(Action item):
The expected answer holds every line from the first line of the data below through the line containing "text \<open>The big", exactly as written, and no other line.
== Extracted material
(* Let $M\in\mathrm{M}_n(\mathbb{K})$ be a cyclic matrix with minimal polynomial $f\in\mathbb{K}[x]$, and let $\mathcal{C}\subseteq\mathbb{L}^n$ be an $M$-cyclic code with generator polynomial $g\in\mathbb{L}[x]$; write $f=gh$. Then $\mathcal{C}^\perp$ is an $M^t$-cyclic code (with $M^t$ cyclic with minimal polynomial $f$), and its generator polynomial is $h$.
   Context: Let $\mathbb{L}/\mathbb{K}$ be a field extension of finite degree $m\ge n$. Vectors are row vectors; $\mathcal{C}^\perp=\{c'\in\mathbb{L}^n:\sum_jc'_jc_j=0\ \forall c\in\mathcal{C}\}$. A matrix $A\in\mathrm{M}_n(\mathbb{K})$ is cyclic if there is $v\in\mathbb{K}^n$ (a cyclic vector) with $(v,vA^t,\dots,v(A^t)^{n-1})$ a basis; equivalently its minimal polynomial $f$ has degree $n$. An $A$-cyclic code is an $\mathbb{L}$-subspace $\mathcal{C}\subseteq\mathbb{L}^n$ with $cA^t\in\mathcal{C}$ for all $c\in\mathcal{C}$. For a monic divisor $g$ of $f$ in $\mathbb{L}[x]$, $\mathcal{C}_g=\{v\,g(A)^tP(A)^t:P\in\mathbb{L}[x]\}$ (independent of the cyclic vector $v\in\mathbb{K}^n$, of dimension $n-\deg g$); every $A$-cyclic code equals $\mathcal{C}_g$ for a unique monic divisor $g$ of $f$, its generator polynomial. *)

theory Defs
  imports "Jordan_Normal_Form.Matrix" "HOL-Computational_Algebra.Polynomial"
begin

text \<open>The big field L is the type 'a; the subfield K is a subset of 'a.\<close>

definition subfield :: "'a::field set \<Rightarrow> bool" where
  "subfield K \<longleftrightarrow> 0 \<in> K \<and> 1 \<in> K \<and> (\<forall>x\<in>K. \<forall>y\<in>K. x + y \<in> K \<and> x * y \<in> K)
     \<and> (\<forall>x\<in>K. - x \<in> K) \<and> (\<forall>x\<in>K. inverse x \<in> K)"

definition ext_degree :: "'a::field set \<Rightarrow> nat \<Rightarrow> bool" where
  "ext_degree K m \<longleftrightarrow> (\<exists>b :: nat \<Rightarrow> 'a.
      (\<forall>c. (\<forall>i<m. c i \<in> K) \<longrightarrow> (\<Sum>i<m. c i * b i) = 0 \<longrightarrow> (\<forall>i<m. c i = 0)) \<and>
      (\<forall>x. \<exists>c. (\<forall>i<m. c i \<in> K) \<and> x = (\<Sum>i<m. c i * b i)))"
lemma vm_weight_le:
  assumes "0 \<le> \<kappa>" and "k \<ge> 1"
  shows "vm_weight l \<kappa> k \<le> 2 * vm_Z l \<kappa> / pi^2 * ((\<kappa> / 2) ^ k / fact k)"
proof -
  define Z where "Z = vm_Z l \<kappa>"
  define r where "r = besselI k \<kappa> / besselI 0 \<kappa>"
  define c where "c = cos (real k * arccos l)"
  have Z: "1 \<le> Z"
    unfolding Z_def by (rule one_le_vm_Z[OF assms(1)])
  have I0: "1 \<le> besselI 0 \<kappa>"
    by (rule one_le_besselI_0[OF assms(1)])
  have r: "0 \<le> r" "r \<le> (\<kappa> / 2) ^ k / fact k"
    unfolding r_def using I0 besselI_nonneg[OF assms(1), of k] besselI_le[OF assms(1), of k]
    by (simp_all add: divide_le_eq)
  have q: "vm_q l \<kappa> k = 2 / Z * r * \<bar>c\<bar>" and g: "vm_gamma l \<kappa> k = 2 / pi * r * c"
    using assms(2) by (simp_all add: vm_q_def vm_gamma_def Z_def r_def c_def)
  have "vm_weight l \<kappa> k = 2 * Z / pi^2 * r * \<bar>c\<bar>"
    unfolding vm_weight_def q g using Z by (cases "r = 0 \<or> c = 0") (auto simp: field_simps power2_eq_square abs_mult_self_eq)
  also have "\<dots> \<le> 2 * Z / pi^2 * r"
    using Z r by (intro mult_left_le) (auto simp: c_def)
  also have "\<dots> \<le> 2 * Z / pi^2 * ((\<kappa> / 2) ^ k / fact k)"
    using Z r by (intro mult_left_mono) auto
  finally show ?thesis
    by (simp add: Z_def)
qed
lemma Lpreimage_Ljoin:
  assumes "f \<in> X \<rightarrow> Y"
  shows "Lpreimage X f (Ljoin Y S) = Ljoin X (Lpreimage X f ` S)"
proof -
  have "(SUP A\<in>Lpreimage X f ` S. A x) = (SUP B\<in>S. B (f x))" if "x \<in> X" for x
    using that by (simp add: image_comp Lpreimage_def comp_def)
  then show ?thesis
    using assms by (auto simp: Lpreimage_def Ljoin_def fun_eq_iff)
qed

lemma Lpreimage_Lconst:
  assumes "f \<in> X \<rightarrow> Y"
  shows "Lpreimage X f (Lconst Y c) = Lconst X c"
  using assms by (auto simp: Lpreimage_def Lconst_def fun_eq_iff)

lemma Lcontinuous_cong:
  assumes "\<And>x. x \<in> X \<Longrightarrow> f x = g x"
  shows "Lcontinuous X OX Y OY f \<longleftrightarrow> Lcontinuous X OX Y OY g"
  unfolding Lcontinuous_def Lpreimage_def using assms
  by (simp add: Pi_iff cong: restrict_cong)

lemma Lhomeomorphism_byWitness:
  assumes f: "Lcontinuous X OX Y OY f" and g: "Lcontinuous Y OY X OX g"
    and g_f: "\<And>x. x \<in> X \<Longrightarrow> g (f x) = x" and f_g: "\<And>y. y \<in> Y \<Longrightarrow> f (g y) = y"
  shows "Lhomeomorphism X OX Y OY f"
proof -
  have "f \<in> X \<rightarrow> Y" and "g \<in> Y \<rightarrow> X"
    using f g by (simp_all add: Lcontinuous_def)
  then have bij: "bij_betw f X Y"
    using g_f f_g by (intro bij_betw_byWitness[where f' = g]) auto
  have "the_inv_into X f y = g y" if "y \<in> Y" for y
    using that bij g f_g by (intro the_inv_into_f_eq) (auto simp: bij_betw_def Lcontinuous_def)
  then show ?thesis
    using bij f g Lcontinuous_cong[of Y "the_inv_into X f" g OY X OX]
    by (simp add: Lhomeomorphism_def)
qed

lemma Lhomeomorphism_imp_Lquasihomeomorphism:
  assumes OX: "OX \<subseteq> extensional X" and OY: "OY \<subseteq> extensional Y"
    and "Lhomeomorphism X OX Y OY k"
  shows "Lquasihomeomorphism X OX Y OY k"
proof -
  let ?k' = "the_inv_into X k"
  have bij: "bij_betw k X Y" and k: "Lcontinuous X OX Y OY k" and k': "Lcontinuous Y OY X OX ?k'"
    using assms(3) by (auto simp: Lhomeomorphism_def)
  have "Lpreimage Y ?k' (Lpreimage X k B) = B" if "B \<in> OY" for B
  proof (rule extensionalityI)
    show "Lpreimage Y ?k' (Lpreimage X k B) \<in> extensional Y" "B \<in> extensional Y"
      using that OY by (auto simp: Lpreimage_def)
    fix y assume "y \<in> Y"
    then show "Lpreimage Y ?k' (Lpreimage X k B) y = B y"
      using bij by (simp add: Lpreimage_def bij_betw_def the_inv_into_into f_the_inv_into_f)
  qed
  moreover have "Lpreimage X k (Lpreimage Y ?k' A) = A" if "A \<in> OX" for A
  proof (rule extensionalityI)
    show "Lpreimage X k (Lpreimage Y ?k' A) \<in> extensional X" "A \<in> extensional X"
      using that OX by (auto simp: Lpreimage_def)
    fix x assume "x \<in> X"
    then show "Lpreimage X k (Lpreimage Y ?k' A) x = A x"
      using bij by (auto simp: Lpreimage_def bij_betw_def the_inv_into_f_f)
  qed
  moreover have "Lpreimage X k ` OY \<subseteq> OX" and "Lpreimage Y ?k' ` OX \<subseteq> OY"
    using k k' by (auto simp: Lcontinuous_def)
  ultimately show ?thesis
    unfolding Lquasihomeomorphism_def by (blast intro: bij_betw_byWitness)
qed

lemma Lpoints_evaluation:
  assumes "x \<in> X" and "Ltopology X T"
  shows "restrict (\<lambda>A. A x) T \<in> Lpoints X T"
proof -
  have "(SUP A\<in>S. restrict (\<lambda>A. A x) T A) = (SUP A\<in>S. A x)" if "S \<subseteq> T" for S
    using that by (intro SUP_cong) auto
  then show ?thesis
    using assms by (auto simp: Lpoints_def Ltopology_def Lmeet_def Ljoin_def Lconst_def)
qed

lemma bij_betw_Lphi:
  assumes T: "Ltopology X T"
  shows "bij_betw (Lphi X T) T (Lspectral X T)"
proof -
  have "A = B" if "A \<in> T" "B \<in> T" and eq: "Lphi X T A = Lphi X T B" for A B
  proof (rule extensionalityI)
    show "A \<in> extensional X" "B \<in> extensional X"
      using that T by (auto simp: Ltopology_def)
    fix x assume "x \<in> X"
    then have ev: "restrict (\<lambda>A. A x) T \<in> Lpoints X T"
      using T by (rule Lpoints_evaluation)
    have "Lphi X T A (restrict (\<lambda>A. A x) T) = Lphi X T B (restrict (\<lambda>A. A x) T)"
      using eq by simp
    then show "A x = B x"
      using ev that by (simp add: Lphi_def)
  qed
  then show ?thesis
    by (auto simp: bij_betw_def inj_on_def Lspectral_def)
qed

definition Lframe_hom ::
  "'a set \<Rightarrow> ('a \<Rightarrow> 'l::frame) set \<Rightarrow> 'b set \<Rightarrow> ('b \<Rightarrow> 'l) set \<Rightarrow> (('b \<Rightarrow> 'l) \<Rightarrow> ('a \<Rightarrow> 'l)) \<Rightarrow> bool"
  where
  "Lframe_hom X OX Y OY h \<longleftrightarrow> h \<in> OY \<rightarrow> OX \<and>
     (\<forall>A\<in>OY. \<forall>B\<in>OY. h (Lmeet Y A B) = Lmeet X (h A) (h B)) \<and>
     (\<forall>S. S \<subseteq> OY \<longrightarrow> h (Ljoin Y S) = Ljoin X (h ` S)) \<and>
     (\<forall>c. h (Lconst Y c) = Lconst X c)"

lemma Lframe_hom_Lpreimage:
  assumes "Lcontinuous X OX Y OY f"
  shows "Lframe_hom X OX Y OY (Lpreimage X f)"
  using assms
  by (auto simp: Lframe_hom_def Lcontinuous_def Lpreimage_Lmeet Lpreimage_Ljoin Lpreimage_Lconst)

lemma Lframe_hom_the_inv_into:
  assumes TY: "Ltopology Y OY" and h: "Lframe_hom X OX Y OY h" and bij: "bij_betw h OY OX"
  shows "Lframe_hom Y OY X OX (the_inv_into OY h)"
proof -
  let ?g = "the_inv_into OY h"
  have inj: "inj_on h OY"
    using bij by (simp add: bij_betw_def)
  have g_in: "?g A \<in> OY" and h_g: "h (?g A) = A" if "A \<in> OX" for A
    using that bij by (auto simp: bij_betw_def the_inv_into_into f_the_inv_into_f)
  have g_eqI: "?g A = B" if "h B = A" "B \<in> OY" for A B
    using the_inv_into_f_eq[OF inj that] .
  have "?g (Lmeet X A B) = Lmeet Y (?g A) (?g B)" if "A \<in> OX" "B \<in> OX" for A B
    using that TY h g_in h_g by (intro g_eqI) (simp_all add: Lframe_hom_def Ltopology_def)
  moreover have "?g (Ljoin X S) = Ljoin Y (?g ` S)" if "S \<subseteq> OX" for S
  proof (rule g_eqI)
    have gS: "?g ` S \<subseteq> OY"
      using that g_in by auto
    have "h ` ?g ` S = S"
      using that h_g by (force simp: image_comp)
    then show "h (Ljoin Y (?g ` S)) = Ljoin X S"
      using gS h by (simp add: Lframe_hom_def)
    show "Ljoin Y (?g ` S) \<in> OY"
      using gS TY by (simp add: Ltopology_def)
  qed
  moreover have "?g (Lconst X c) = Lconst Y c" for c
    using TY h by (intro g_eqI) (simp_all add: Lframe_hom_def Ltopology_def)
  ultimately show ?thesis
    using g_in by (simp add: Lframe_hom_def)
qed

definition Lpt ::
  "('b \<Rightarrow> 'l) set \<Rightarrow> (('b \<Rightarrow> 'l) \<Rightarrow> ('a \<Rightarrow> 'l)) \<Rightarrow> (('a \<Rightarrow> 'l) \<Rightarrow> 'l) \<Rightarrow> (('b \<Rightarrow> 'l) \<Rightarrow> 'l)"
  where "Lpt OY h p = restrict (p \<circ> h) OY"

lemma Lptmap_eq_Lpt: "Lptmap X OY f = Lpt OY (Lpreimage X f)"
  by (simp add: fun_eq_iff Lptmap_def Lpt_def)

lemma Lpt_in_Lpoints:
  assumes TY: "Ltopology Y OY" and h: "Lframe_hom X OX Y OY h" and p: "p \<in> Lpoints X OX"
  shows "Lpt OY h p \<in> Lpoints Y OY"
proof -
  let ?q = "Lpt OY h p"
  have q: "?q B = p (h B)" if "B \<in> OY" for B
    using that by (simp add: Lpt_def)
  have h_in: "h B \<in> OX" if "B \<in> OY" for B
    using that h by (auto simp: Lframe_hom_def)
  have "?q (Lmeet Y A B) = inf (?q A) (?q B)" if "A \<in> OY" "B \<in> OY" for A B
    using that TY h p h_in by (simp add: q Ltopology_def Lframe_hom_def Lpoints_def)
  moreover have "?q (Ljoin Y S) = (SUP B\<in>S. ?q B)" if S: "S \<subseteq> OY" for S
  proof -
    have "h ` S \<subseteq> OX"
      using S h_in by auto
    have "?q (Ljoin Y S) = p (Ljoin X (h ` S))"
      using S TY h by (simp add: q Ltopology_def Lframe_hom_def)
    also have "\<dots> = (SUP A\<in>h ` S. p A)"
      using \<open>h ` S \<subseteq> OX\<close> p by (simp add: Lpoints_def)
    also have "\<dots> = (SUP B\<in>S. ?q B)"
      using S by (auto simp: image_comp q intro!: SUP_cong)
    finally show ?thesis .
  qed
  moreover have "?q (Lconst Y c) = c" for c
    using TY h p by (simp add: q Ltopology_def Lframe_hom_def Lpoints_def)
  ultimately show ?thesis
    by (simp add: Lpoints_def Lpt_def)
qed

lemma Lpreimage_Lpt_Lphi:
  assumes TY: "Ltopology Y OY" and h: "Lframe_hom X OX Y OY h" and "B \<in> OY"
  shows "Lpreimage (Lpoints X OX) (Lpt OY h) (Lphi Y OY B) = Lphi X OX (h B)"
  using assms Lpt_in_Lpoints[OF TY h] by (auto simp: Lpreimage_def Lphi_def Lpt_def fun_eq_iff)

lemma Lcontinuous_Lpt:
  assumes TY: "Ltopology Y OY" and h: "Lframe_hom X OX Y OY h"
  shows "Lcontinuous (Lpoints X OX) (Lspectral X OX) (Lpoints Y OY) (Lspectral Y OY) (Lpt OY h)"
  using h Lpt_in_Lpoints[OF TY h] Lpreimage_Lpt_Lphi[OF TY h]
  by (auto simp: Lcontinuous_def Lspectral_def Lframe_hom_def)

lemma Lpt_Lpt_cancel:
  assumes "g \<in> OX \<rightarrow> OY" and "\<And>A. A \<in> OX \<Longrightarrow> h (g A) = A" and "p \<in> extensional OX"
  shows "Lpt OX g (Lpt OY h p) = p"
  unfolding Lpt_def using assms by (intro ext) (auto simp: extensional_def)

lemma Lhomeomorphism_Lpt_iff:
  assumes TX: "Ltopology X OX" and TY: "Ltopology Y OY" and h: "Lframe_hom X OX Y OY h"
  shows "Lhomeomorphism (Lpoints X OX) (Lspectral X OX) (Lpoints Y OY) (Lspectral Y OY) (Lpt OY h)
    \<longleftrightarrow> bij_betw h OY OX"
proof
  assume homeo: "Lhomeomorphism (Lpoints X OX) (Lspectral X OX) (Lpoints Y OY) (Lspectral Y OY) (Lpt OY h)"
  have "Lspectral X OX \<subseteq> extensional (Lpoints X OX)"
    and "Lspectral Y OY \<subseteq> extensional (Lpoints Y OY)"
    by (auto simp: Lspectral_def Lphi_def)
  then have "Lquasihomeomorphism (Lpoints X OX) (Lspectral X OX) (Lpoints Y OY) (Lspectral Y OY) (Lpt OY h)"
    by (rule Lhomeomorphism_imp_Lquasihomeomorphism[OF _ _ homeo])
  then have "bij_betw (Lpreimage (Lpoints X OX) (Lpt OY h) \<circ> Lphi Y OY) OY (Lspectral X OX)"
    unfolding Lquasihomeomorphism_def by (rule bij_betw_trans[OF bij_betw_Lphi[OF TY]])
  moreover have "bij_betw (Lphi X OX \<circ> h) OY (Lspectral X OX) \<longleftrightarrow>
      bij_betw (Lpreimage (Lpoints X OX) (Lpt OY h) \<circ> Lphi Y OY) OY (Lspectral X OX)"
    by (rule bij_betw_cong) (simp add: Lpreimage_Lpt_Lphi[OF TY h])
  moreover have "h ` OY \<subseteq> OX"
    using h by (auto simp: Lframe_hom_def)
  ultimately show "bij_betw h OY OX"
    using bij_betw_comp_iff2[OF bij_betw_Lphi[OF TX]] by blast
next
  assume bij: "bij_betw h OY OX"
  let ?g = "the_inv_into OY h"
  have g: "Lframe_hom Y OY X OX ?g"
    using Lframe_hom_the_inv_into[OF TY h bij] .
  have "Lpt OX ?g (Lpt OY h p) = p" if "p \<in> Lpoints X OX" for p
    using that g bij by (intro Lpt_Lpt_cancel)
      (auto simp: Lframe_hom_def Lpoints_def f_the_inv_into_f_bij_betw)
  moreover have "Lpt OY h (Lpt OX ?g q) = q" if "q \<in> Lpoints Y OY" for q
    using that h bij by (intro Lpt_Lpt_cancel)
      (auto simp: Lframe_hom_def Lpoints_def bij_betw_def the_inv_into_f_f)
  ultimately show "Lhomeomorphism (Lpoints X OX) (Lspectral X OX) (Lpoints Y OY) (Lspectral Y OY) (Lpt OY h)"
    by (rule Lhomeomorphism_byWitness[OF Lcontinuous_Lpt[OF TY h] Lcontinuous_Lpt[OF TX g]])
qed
====
(Worked solution):
(* Let $M\in\mathrm{M}_n(\mathbb{K})$ be a cyclic matrix with minimal polynomial $f\in\mathbb{K}[x]$, and let $\mathcal{C}\subseteq\mathbb{L}^n$ be an $M$-cyclic code with generator polynomial $g\in\mathbb{L}[x]$; write $f=gh$. Then $\mathcal{C}^\perp$ is an $M^t$-cyclic code (with $M^t$ cyclic with minimal polynomial $f$), and its generator polynomial is $h$.
   Context: Let $\mathbb{L}/\mathbb{K}$ be a field extension of finite degree $m\ge n$. Vectors are row vectors; $\mathcal{C}^\perp=\{c'\in\mathbb{L}^n:\sum_jc'_jc_j=0\ \forall c\in\mathcal{C}\}$. A matrix $A\in\mathrm{M}_n(\mathbb{K})$ is cyclic if there is $v\in\mathbb{K}^n$ (a cyclic vector) with $(v,vA^t,\dots,v(A^t)^{n-1})$ a basis; equivalently its minimal polynomial $f$ has degree $n$. An $A$-cyclic code is an $\mathbb{L}$-subspace $\mathcal{C}\subseteq\mathbb{L}^n$ with $cA^t\in\mathcal{C}$ for all $c\in\mathcal{C}$. For a monic divisor $g$ of $f$ in $\mathbb{L}[x]$, $\mathcal{C}_g=\{v\,g(A)^tP(A)^t:P\in\mathbb{L}[x]\}$ (independent of the cyclic vector $v\in\mathbb{K}^n$, of dimension $n-\deg g$); every $A$-cyclic code equals $\mathcal{C}_g$ for a unique monic divisor $g$ of $f$, its generator polynomial. *)

theory Defs
  imports "Jordan_Normal_Form.Matrix" "HOL-Computational_Algebra.Polynomial"
begin

text \<open>The big field L is the type 'a; the subfield K is a subset of 'a.\<close>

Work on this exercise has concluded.